[jira] [Commented] (FLINK-2133) Possible deadlock in ExecutionGraph

Stephan Ewen (JIRA) Fri, 05 Jun 2015 12:06:49 -0700

    [ 
https://issues.apache.org/jira/browse/FLINK-2133?page=com.atlassian.jira.plugin.system.issuetabpanels:comment-tabpanel&focusedCommentId=14575036#comment-14575036
 ]


Stephan Ewen commented on FLINK-2133:
-------------------------------------

Okay, I found a plausible scenario how this can happen: (It is a super hard 
race)

  - During canceling, the {{ExecutionJobVertices}} cancel simultaneously 
(vertex1 and vertex2)
  - {{Vertex 1}} transitions into its final state
  - In the executiongraph, it transitions the counter to the next vertex to 
check/wait for to {{vertex 2}} and checks if that one is finished already
  - {{Vertex 2}} is just done with its final subtask canceling has reached the 
state where it increments the number of terminal subtasks (ExecutionJobvertex, 
after 448, but before 454) 
  - The thread that finished {{vertex 1}} recognizes that this considers 
{{vertex 2}} terminal and marks the job entirely as complete.

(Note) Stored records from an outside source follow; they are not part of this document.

lemma rational_fps_inverse:
  assumes "f \<in> rational_fps" "f $ 0 \<noteq> 0"
  shows "inverse f \<in> rational_fps"
proof -
  obtain P Q where Q: "poly Q 0 \<noteq> 0" and f: "f = fps_of_poly P * inverse (fps_of_poly Q)"
    using assms(1) by (rule rational_fpsE)
  have "poly P 0 \<noteq> 0" using assms(2) Q unfolding f by (simp add: poly_0_coeff_0)
  moreover have "inverse f = fps_of_poly Q * inverse (fps_of_poly P)"
    using Q unfolding f by (simp add: fps_inverse_mult poly_0_coeff_0)
  ultimately show ?thesis by (rule rational_fpsI)
qed

lemma rational_fps_sum: "(\<And>i. i \<in> A \<Longrightarrow> f i \<in> rational_fps) \<Longrightarrow> sum f A \<in> rational_fps"
  by (induction A rule: infinite_finite_induct)
     (auto intro: rational_fps_add simp: rational_fps_of_poly[of 0, simplified])

lemma rational_fps_geometric: "Abs_fps (\<lambda>_. 1) \<in> rational_fps"
proof -
  have "Abs_fps (\<lambda>_. 1 :: 'a) = inverse (1 - fps_X)"
    using fps_inverse_idempotent[of "Abs_fps (\<lambda>_. 1 :: 'a)"] by (simp add: fps_inverse_gp')
  also have "\<dots> \<in> rational_fps"
    by (intro rational_fps_inverse rational_fps_diff rational_fps_X rational_fps_of_poly[of 1, simplified]) simp
  finally show ?thesis .
qed

lemma fps_linear_eq_solve:
  fixes a b g :: "'a::field fps"
  assumes "g = b + fps_X * a * g"
  shows "g = inverse (1 - fps_X * a) * b"
proof -
  have "(1 - fps_X * a) * g = b"
    using assms by (simp add: algebra_simps)
  moreover have "inverse (1 - fps_X * a) * (1 - fps_X * a) = 1"
    by (rule inverse_mult_eq_1) simp
  ultimately show ?thesis
    by (metis mult.assoc mult_1)
qed

lemma rational_fps_linear_system:
  fixes g c :: "'i \<Rightarrow> 'a::field fps" and a :: "'i \<Rightarrow> 'i \<Rightarrow> 'a fps"
  assumes "finite S"
    and "\<And>i. i \<in> S \<Longrightarrow> c i \<in> rational_fps"
    and "\<And>i j. i \<in> S \<Longrightarrow> j \<in> S \<Longrightarrow> a i j \<in> rational_fps"
    and "\<And>i. i \<in> S \<Longrightarrow> g i = c i + (\<Sum>j\<in>S. fps_X * a i j * g j)"
    and "i \<in> S"
  shows "g i \<in> rational_fps"
  using assms
proof (induction S arbitrary: c a i rule: finite_induct)
  case empty
  then show ?case by simp
next
  case (insert x S)
  have eq: "g i = c i + fps_X * a i x * g x + (\<Sum>j\<in>S. fps_X * a i j * g j)"
    if "i \<in> insert x S" for i
    using insert.prems(3)[OF that] insert.hyps by (simp add: add.assoc)
  define b where "b = c x + (\<Sum>j\<in>S. fps_X * a x j * g j)"
  define d where "d = inverse (1 - fps_X * a x x)"
  have gx: "g x = d * b"
    unfolding d_def
    by (rule fps_linear_eq_solve, rule trans[OF eq[of x]]) (simp_all add: b_def add_ac)
  have d: "d \<in> rational_fps"
    unfolding d_def using insert.prems(2)
    by (intro rational_fps_inverse rational_fps_diff rational_fps_mult rational_fps_X
        rational_fps_of_poly[of 1, simplified]) simp_all
  \<comment> \<open>Substituting \<open>g x = d * b\<close> into the other equations eliminates the unknown \<open>g x\<close>.\<close>
  define c' where "c' i = c i + fps_X * a i x * d * c x" for i
  define a' where "a' i j = a i j + a i x * d * fps_X * a x j" for i j
  have g_S: "g j \<in> rational_fps" if "j \<in> S" for j
  proof (rule insert.IH[of c' a'])
    show "c' i \<in> rational_fps" if "i \<in> S" for i
      unfolding c'_def using that insert.prems(1,2) d
      by (intro rational_fps_add rational_fps_mult rational_fps_X) auto
    show "a' i j \<in> rational_fps" if "i \<in> S" "j \<in> S" for i j
      unfolding a'_def using that insert.prems(2) d
      by (intro rational_fps_add rational_fps_mult rational_fps_X) auto
    show "g i = c' i + (\<Sum>j\<in>S. fps_X * a' i j * g j)" if "i \<in> S" for i
    proof -
      have "g i = c i + fps_X * a i x * (d * b) + (\<Sum>j\<in>S. fps_X * a i j * g j)"
        using eq[of i] that gx by simp
      also have "\<dots> = c i + fps_X * a i x * d * c x
          + (\<Sum>j\<in>S. fps_X * a i x * d * (fps_X * a x j * g j)) + (\<Sum>j\<in>S. fps_X * a i j * g j)"
        unfolding b_def by (simp add: algebra_simps sum_distrib_left)
      also have "\<dots> = c' i + (\<Sum>j\<in>S. fps_X * a' i j * g j)"
        unfolding c'_def a'_def by (simp add: algebra_simps sum.distrib)
      finally show ?thesis .
    qed
  qed (fact that)
  have "g x \<in> rational_fps"
    unfolding gx b_def using insert.prems(1,2) d g_S
    by (intro rational_fps_mult rational_fps_add rational_fps_sum rational_fps_X) auto
  with g_S insert.prems(4) show ?case by blast
qed

lemma Abs_fps_conv_shift:
  fixes f :: "nat \<Rightarrow> 'a::comm_ring_1"
  shows "Abs_fps f = fps_const (f 0) + fps_X * Abs_fps (\<lambda>n. f (Suc n))"
proof (rule fps_ext)
  show "Abs_fps f $ n = (fps_const (f 0) + fps_X * Abs_fps (\<lambda>n. f (Suc n))) $ n" for n
    by (cases n) simp_all
qed

lemma sum_list_concat: "sum_list (concat xss) = sum_list (map sum_list xss)"
  by (induction xss) simp_all

lemma prod_list_concat: "prod_list (concat xss) = prod_list (map prod_list xss)"
  by (induction xss) simp_all

lemma prod_list_sum_list_product_lists:
  fixes f :: "'a \<Rightarrow> 'b::comm_semiring_1"
  shows "prod_list (map (\<lambda>xs. sum_list (map f xs)) xss) =
    sum_list (map (\<lambda>ys. prod_list (map f ys)) (product_lists xss))"
  by (induction xss)
     (simp_all add: sum_list_concat map_concat o_def sum_list_const_mult sum_list_mult_const)
(* Let $N,n_h,n_l$ be positive integers, $r\in\mathbb{R}^N$, and $R\in\mathbb{R}^{N\times n_h}$ with $R_{t,k}=r_{t-k+1}$ for $t\ge k$ and $R_{t,k}=0$ otherwise; assume $R^\top R$ is invertible. Let $\sigma^2>0$, $E:=R(R^\top R)^{-2}R^\top$ and $c:=\mathrm{tr}(\sigma^2(R^\top R)^{-1})$. For $l=(l_0,\dots,l_{n_l-1})^\top$ let $L(l)\in\mathbb{R}^{N\times(N+n_l-1)}$ have entries $L_{t,s}=l_{t+n_l-1-s}$ if $0\le t+n_l-1-s\le n_l-1$ and $0$ otherwise, let $Q_l$ be the $0/1$ selection matrix with $\mathrm{vec}(L(l))=Q_l l$ (column stacking), and set $M:=Q_l^\top(I_{N+n_l-1}\otimes E)Q_l$. Let $\gamma_2>0$, let $\lambda_1\ge\lambda_2\ge\dots\ge\lambda_{n_l}\ge0$ be the eigenvalues of $M$ and $v_1$ a unit-norm eigenvector for $\lambda_1$. Then a minimizer over $l\in\mathbb{R}^{n_l}$ of $(l^\top M l+c)^{-1}+\gamma_2\|l\|^2$ is $l^*=0$ if $\lambda_1\le\gamma_2c^2$, and $l^*=\sqrt{1/\sqrt{\gamma_2\lambda_1}-c/\lambda_1}\;v_1$ otherwise.
   Context: $\otimes$ is the Kronecker product and $\|\cdot\|$ the Euclidean norm. $\gamma_2$ weights output-variance degradation against the (inverse) identification error. *)

theory Defs
  imports "Jordan_Normal_Form.Char_Poly" "Jordan_Normal_Form.Gauss_Jordan_Elimination"
begin

definition mtrace :: "real mat \<Rightarrow> real" where
  "mtrace A = (\<Sum>i<dim_row A. A $$ (i, i))"

definition minv :: "real mat \<Rightarrow> real mat" where
  "minv A = the (mat_inverse A)"

definition kron :: "real mat \<Rightarrow> real mat \<Rightarrow> real mat" where
  "kron A B = mat (dim_row A * dim_row B) (dim_col A * dim_col B)
     (\<lambda>(i, j). A $$ (i div dim_row B, j div dim_col B) * B $$ (i mod dim_row B, j mod dim_col B))"
lemma KV_fst: "v \<in> KV m \<Longrightarrow> fst v \<in> GF m"
  and KV_snd: "v \<in> KV m \<Longrightarrow> in_F2 (snd v)"
  and KV_add: "v \<in> KV m \<Longrightarrow> w \<in> KV m \<Longrightarrow> v + w \<in> KV m"
  and KV_0 [simp]: "0 \<in> KV m"
  by (auto simp: KV_def in_F2_def zero_prod_def)

lemma KV_two: "v + v = (0 :: K \<times> K)"
  by (cases v) (simp add: zero_prod_def)

lemma finite_KV: "m \<ge> 1 \<Longrightarrow> finite (KV m)"
  by (simp add: KV_def finite_GF)

lemma card_KV: "m \<ge> 1 \<Longrightarrow> card (KV m) = 2 ^ Suc m"
  by (simp add: KV_def card_cartesian_product card_GF)

lemma pairing_add_left: "pairing m (w + w') v = pairing m w v + pairing m w' v"
  and pairing_add_right: "pairing m w (v + z) = pairing m w v + pairing m w z"
  by (simp_all add: pairing_def tr_add algebra_simps)

lemma pairing_F2: "w \<in> KV m \<Longrightarrow> v \<in> KV m \<Longrightarrow> in_F2 (pairing m w v)"
  by (simp add: pairing_def KV_snd KV_fst)

lemma kerdock_form_polar:
  "kerdock_form m s (v + z) = kerdock_form m s v + kerdock_form m s z + kerdock_polar m s v z"
  by (simp add: kerdock_form_def kerdock_polar_def e2_add tr_add algebra_simps)

lemma kerdock_form_F2: "s \<in> GF m \<Longrightarrow> v \<in> KV m \<Longrightarrow> in_F2 (kerdock_form m s v)"
  by (simp add: kerdock_form_def KV_snd KV_fst)

lemma kerdock_form_0 [simp]: "kerdock_form m s 0 = 0"
  by (simp add: kerdock_form_def)

lemma kerdock_polar_add: "kerdock_polar m s (v + w) z = kerdock_polar m s v z + kerdock_polar m s w z"
  by (simp add: kerdock_polar_def tr_add algebra_simps)

lemma kerdock_polar_sum_trace:
  assumes s: "s \<in> GF m" and x: "x \<in> GF m" and a: "in_F2 a"
    and same_tr: "tr m (s' * x) = tr m (s * x)"
  shows "kerdock_polar m s (y, 0) (x, a) + kerdock_polar m s' (y, 0) (x, a)
           = tr m (y * ((s + s') * (tr m (s * x) + (s + s') * x + a)))"
proof -
  define \<tau> where "\<tau> = tr m (s * x)"
  define u where "u = s + s'"
  have \<tau>: "in_F2 \<tau>" using s x by (simp add: \<tau>_def)
  have uu: "u * (u * z) = s * (s * z) + s' * (s' * z)" for z by (simp add: u_def algebra_simps)
  have "tr m (y * (u * (\<tau> + u * x + a)))
          = \<tau> * tr m (u * y) + tr m ((s * s + s' * s') * x * y) + a * tr m (u * y)"
    by (simp add: tr_add algebra_simps uu tr_F2_scalar[OF \<tau>, symmetric] tr_F2_scalar[OF a, symmetric])
  also have "\<dots> = kerdock_polar m s (y, 0) (x, a) + kerdock_polar m s' (y, 0) (x, a)"
    by (simp add: kerdock_polar_def same_tr \<tau>_def u_def tr_add algebra_simps)
  finally show ?thesis by (simp add: \<tau>_def u_def)
qed

lemma kerdock_polar_nondegenerate:
  assumes m: "m \<ge> 1" "odd m" and s: "s \<in> GF m" "s' \<in> GF m" "s \<noteq> s'"
    and z: "z \<in> KV m" "z \<noteq> 0"
  shows "\<exists>v\<in>KV m. kerdock_polar m s v z + kerdock_polar m s' v z = 1"
proof -
  obtain x a where za: "z = (x, a)" by fastforce
  have x: "x \<in> GF m" and a: "in_F2 a" using KV_fst[OF z(1)] KV_snd[OF z(1)] za by auto
  have "in_F2 (tr m (s * x) + tr m (s' * x))" using s x by simp
  then consider (differ) "tr m (s * x) + tr m (s' * x) = 1" | (same) "tr m (s' * x) = tr m (s * x)"
    by (auto simp: in_F2_def K_add_eq_0_iff)
  then show ?thesis
  proof cases
    case differ
    have "kerdock_polar m s (0, 1) z + kerdock_polar m s' (0, 1) z = 1"
      using differ by (simp add: kerdock_polar_def za)
    moreover have "(0, 1) \<in> KV m" by (simp add: KV_def)
    ultimately show ?thesis by blast
  next
    case same
    define u where "u = s + s'"
    define w where "w = u * (tr m (s * x) + u * x + a)"
    have u0: "u \<noteq> 0" using s by (simp add: u_def K_add_eq_0_iff)
    have w_GF: "w \<in> GF m" using s x a by (simp add: w_def u_def GF_if_in_F2)
    have "w \<noteq> 0"
    proof
      assume "w = 0"
      hence ux: "u * x = tr m (s * x) + a"
        using u0 by (simp add: w_def K_add_eq_0_iff add.assoc)
      have "tr m (u * x) = 0" using same by (simp add: u_def tr_add algebra_simps)
      moreover have "tr m (u * x) = tr m (s * x) + a" using ux tr_F2 s x a m(2) by simp
      ultimately have "tr m (s * x) + a = 0" by simp
      hence "x = 0" using ux u0 by simp
      hence "a = 0" using \<open>tr m (s * x) + a = 0\<close> by simp
      thus False using z(2) za \<open>x = 0\<close> by (simp add: zero_prod_def)
    qed
    then obtain y where y: "y \<in> GF m" "tr m (w * y) = 1" using tr_nondegenerate[OF m(1) w_GF] by blast
    have "kerdock_polar m s (y, 0) z + kerdock_polar m s' (y, 0) z = 1"
      using kerdock_polar_sum_trace[OF s(1) x a same] y za by (simp add: w_def u_def mult.commute)
    moreover have "(y, 0) \<in> KV m" using y by (simp add: KV_def)
    ultimately show ?thesis by blast
  qed
qed

text \<open>Correlation of two Kerdock sign vectors from different forms: the exponent is a
  quadratic form with nondegenerate polar form, so the Gauss sum has square \<open>|KV m|\<close>.\<close>
lemma kerdock_correlation_cross:
  assumes m: "m \<ge> 1" "odd m" and s: "s \<in> GF m" "s' \<in> GF m" "s \<noteq> s'"
    and l: "l \<in> KV m" "l' \<in> KV m"
  shows "(\<Sum>v\<in>KV m. chi (kerdock_form m s v + pairing m l v) * chi (kerdock_form m s' v + pairing m l' v))\<^sup>2
           = real (card (KV m))"
proof -
  define q where "q v = kerdock_form m s v + kerdock_form m s' v + pairing m l v + pairing m l' v" for v
  have "chi (kerdock_form m s v + pairing m l v) * chi (kerdock_form m s' v + pairing m l' v) = chi (q v)"
    if "v \<in> KV m" for v
    using that s l by (simp add: chi_add[symmetric] kerdock_form_F2 pairing_F2 q_def algebra_simps)
  hence "(\<Sum>v\<in>KV m. chi (kerdock_form m s v + pairing m l v) * chi (kerdock_form m s' v + pairing m l' v))
           = (\<Sum>v\<in>KV m. chi (q v))" by (rule sum.cong[OF refl])
  also have "(\<Sum>v\<in>KV m. chi (q v))\<^sup>2 = real (card (KV m))"
  proof (rule gauss_sum_square[where B="\<lambda>v z. kerdock_polar m s v z + kerdock_polar m s' v z"])
    show "finite (KV m)" using m(1) by (rule finite_KV)
    show "in_F2 (q v)" if "v \<in> KV m" for v using that s l by (simp add: q_def kerdock_form_F2 pairing_F2)
    show "q 0 = 0" by (simp add: q_def pairing_def)
    show "q (v + z) = q v + q z + (kerdock_polar m s v z + kerdock_polar m s' v z)" for v z
      by (simp add: q_def kerdock_form_polar pairing_add_right algebra_simps)
    show "kerdock_polar m s (v + w) z + kerdock_polar m s' (v + w) z
            = (kerdock_polar m s v z + kerdock_polar m s' v z) + (kerdock_polar m s w z + kerdock_polar m s' w z)"
      for v w z by (simp add: kerdock_polar_add algebra_simps)
  qed (use kerdock_polar_nondegenerate[OF m s] in \<open>auto simp: KV_add KV_two\<close>)
  finally show ?thesis .
qed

It triggers 
restart.
  - {{Vertex 2}} tries to tell the ExecutionGraph that it reached a terminal 
state and cannot acquire the lock any more that it needs to learn that its 
transition to terminal has already been registered.

==> Deadlock

There is a simple way to fix this, but I am not sure if there is any reasonable 
way to test this. Seems that one needs to provoke this insanely exact timed 
race between the threads to provoke that situation.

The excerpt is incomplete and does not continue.